Example 2 (Instruction Prefetching and Cache
Accesses to a Unified Instruction/Data Cache): Instruction prefetching
alters the cache contents, which again alters the timing of data accesses,
if data elements in the cache are replaced by instruction prefetches. Since
the amount of prefetching depends on the pipeline state in the presence of
a sufficiently large prefetch queue, the amount of this interference cannot
be determined precisely if cache analysis is performed before pipeline analysis.
Example 3 (Branch Prediction): If the CPU predicts branches early in the fetch stages and redirects fetching
before instruction dispatch—as is the case in most modern processors—fetching
can be redirected through several levels of branches, causing several areas
of instruction memory to be accessed and its placement in the cache to be
altered. Since the amount of change to the instruction cache caused by this
depends on the state of the prefetch queue and, thus, on the pipeline state,
it can only be crudely approximated by a separate cache analysis.

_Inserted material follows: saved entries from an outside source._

(* Let $S$ be a numerical semigroup, let $b\in\mathrm{IBetti}(S)$ and let $s\in S$. Write $s=\omega_s+q_sb$ with $\omega_s\in\mathrm{Ap}(S;b)$ and $q_s\in\mathbb N$. Then $$|\mathrm B(s;\{b\})|=\begin{cases}\binom{\mathrm i(b)+q_s-1}{q_s}&\text{if }\mathfrak d(\omega_s)=1,\\ 0&\text{otherwise.}\end{cases}$$
   Context: A numerical semigroup $S$ is a submonoid of $(\mathbb N,+)$ with finite complement, minimally generated by $\{n_1,\dots,n_e\}$. For $m\in S$, the Apéry set is $\mathrm{Ap}(S;m)=\{s\in S: s-m\notin S\}$; every $s\in S$ is uniquely $s=\omega+qm$ with $\omega\in\mathrm{Ap}(S;m)$, $q\in\mathbb N$. Let $\varphi:\mathbb N^e\to S$, $\varphi(a)=\sum_ia_in_i$; $\mathrm Z(s)=\varphi^{-1}(s)$, $\mathfrak d(s)=|\mathrm Z(s)|$. $\nabla_s$ is the graph on $\mathrm Z(s)$ with distinct $x,y$ adjacent iff $x\cdot y\ne0$; $s$ is a Betti element if $\nabla_s$ is disconnected. A factorization $z\in\mathrm Z(s)$ is isolated if $z\cdot x=0$ for all $x\in\mathrm Z(s)\setminus\{z\}$; $\mathrm I(s)$ is the set of isolated factorizations of $s$, $\mathrm i(s)=|\mathrm I(s)|$, and $\mathrm I(\Lambda)=\bigcup_{t\in\Lambda}\mathrm I(t)$ for $\Lambda\subseteq S$. $\mathrm I_s(S)$ is the set of $z\in\mathbb N^e$ such that $\varphi(z)$ has exactly one factorization. $\mathrm{IBetti}(S)$ is the set of Betti elements $b$ with $\mathrm I(b)\neq\emptyset$. For $\Lambda\subseteq S$, $\mathrm B(s;\Lambda)=\{w+x_1+\cdots+x_l\in\mathrm Z(s): w\in\mathrm I_s(S),\ l\ge0,\ x_1,\dots,x_l\in\mathrm I(\Lambda)\}$. *)

theory Defs
  imports Main
begin

definition numerical_semigroup :: "nat set \<Rightarrow> bool" where
  "numerical_semigroup S \<longleftrightarrow> 0 \<in> S \<and> (\<forall>a\<in>S. \<forall>b\<in>S. a + b \<in> S) \<and> finite (UNIV - S)"

definition mgens :: "nat set \<Rightarrow> nat set" where
  "mgens S = {n \<in> S. n \<noteq> 0 \<and> \<not> (\<exists>a\<in>S. \<exists>c\<in>S. a \<noteq> 0 \<and> c \<noteq> 0 \<and> n = a + c)}"

definition vecs :: "nat set \<Rightarrow> (nat \<Rightarrow> nat) set" where
  "vecs S = {z. \<forall>i. i \<notin> mgens S \<longrightarrow> z i = 0}"

definition phi :: "nat set \<Rightarrow> (nat \<Rightarrow> nat) \<Rightarrow> nat" where
  "phi S z = (\<Sum>i\<in>mgens S. z i * i)"

definition dotp :: "nat set \<Rightarrow> (nat \<Rightarrow> nat) \<Rightarrow> (nat \<Rightarrow> nat) \<Rightarrow> nat" where
  "dotp S x y = (\<Sum>i\<in>mgens S. x i * y i)"

definition Zf :: "nat set \<Rightarrow> nat \<Rightarrow> (nat \<Rightarrow> nat) set" where
  "Zf S s = {z \<in> vecs S. phi S z = s}"

definition dfac :: "nat set \<Rightarrow> nat \<Rightarrow> nat" where
  "dfac S s = card (Zf S s)"

definition Apery :: "nat set \<Rightarrow> nat \<Rightarrow> nat set" where
  "Apery S m = {w \<in> S. \<forall>t\<in>S. w \<noteq> t + m}"

definition nabla_edges :: "nat set \<Rightarrow> nat \<Rightarrow> ((nat \<Rightarrow> nat) \<times> (nat \<Rightarrow> nat)) set" where
  "nabla_edges S s = {(x, y). x \<in> Zf S s \<and> y \<in> Zf S s \<and> x \<noteq> y \<and> dotp S x y \<noteq> 0}"

definition is_Betti :: "nat set \<Rightarrow> nat \<Rightarrow> bool" where
  "is_Betti S s \<longleftrightarrow> s \<in> S \<and>
     (\<exists>x\<in>Zf S s. \<exists>y\<in>Zf S s. (x, y) \<notin> (nabla_edges S s)\<^sup>*)"

definition Iso :: "nat set \<Rightarrow> nat \<Rightarrow> (nat \<Rightarrow> nat) set" where
  "Iso S s = {z \<in> Zf S s. \<forall>x \<in> Zf S s - {z}. dotp S z x = 0}"

definition iso_num :: "nat set \<Rightarrow> nat \<Rightarrow> nat" where
  "iso_num S s = card (Iso S s)"

definition IsoSet :: "nat set \<Rightarrow> nat set \<Rightarrow> (nat \<Rightarrow> nat) set" where
  "IsoSet S L = (\<Union>t\<in>L. Iso S t)"

definition Iuniq :: "nat set \<Rightarrow> (nat \<Rightarrow> nat) set" where
  "Iuniq S = {z \<in> vecs S. card (Zf S (phi S z)) = 1}"

definition IBetti :: "nat set \<Rightarrow> nat set" where
  "IBetti S = {b. is_Betti S b \<and> Iso S b \<noteq> {}}"

definition Bset :: "nat set \<Rightarrow> nat \<Rightarrow> nat set \<Rightarrow> (nat \<Rightarrow> nat) set" where
  "Bset S s L = {z \<in> Zf S s. \<exists>w \<in> Iuniq S. \<exists>xs :: (nat \<Rightarrow> nat) list.
      set xs \<subseteq> IsoSet S L \<and> z = (\<lambda>i. w i + sum_list (map (\<lambda>x. x i) xs))}"

end

theory Submission
  imports Defs "HOL-Library.Multiset" "HOL-Library.FuncSet" "HOL-Library.Function_Algebras"
begin

(* An element of B(s;{b}) is u + x_1 + ... + x_l with u having a unique factorization and the
   x_i isolated factorizations of b, so phi u + l b = w + q b.  If l > q then w - b would lie
   in S, contradicting w \<in> Ap(S;b); if l < q then phi u = t + b with t \<in> S, and the two
   distinct factorizations of b give phi u two factorizations.  Hence l = q and u is the unique
   factorization of w, which exists only when d(w) = 1.  Distinct isolated factorizations of b
   have disjoint supports, so the multiset {x_1, ..., x_q} can be read off from the sum, and
   B(s;{b}) is in bijection with the multisets of size q on I(b). *)

lemma numerical_semigroup_add_mem:
  "numerical_semigroup S \<Longrightarrow> a \<in> S \<Longrightarrow> c \<in> S \<Longrightarrow> a + c \<in> S"
  by (simp add: numerical_semigroup_def)

lemma numerical_semigroup_mult_mem:
  "numerical_semigroup S \<Longrightarrow> a \<in> S \<Longrightarrow> k * a \<in> S"
  by (induction k) (auto simp: numerical_semigroup_def)

lemma finite_mgens:
  assumes ns: "numerical_semigroup S"
  shows "finite (mgens S)"
proof -
  have gaps: "finite (UNIV - S)"
    using ns by (simp add: numerical_semigroup_def)
  then have "infinite S"
    by (metis finite_Un Un_Diff_cancel2 sup_top_left infinite_UNIV_nat)
  then obtain x where x: "x \<in> S" "x \<noteq> 0"
    using infinite_super[of S "{0}"] by blast
  define m where "m = (LEAST x. x \<in> S \<and> x \<noteq> 0)"
  have m: "m \<in> S" "m \<noteq> 0"
    using LeastI[of "\<lambda>x. x \<in> S \<and> x \<noteq> 0" x] x by (auto simp: m_def)
  have "mgens S \<subseteq> {..m} \<union> (\<lambda>g. g + m) ` (UNIV - S)"
  proof
    fix n assume n: "n \<in> mgens S"
    show "n \<in> {..m} \<union> (\<lambda>g. g + m) ` (UNIV - S)"
    proof (cases "n \<le> m")
      case False
      have "n - m \<notin> S"
      proof
        assume "n - m \<in> S"
        moreover have "n = m + (n - m)" "n - m \<noteq> 0"
          using False by auto
        ultimately show False
          using n m unfolding mgens_def by blast
      qed
      then have "n = (n - m) + m" "n - m \<in> UNIV - S"
        using False by auto
      then show ?thesis by blast
    qed simp
  qed
  then show ?thesis
    using gaps by (meson finite_Un finite_atMost finite_imageI finite_subset)
qed

lemma phi_zero [simp]: "phi S 0 = 0"
  by (simp add: phi_def)

lemma phi_add: "phi S (x + y) = phi S x + phi S y"
  by (simp add: phi_def sum.distrib algebra_simps)

lemma vecs_add: "x \<in> vecs S \<Longrightarrow> y \<in> vecs S \<Longrightarrow> x + y \<in> vecs S"
  by (simp add: vecs_def)

lemma vecs_sum_mset: "set_mset M \<subseteq> vecs S \<Longrightarrow> sum_mset M \<in> vecs S"
  by (induction M) (auto simp: vecs_def)

lemma sum_mset_apply: "sum_mset M i = (\<Sum>x\<in>#M. x i)"
  by (induction M) simp_all

lemma sum_list_apply: "sum_list xs i = (\<Sum>x\<leftarrow>xs. x i)"
  by (induction xs) simp_all

lemma numerical_semigroup_sum_mem:
  assumes "numerical_semigroup S" "\<And>i. i \<in> A \<Longrightarrow> f i \<in> S"
  shows "sum f A \<in> S"
  using assms(2)
  by (induction A rule: infinite_finite_induct)
    (use assms(1) in \<open>auto simp: numerical_semigroup_def\<close>)

lemma phi_mem: "numerical_semigroup S \<Longrightarrow> phi S z \<in> S"
  unfolding phi_def
  by (rule numerical_semigroup_sum_mem) (auto simp: mgens_def numerical_semigroup_mult_mem)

To assess the effect of a separation of cache and pipeline analyses, one
can look at the effects that the necessary approximations of the behavior
of other processor components for the cache analysis have. For the ColdFire
5307, first the possible effects of branch prediction have to be estimated.
The number of instructions along the predicted target of a branch can be bounded
to be between one and 14 instructions, since prediction is done very early
in the fetch pipeline and an instruction buffer of eight entries can be filled
with prefetched instructions, plus up to four instructions in the instruction
assembly stage (IED) and two instructions in the fetch stages. Since prefetching
can be performed across multiple branches, an additional data-flow analysis
on the control flow graph has to be performed to collect all possible instruction
fetches at each branch. The information obtained in this way contains for
each program point a sequence of guaranteed fetches and a sequence of possible
fetches. The effect of the latter is especially disastrous for the cache analysis.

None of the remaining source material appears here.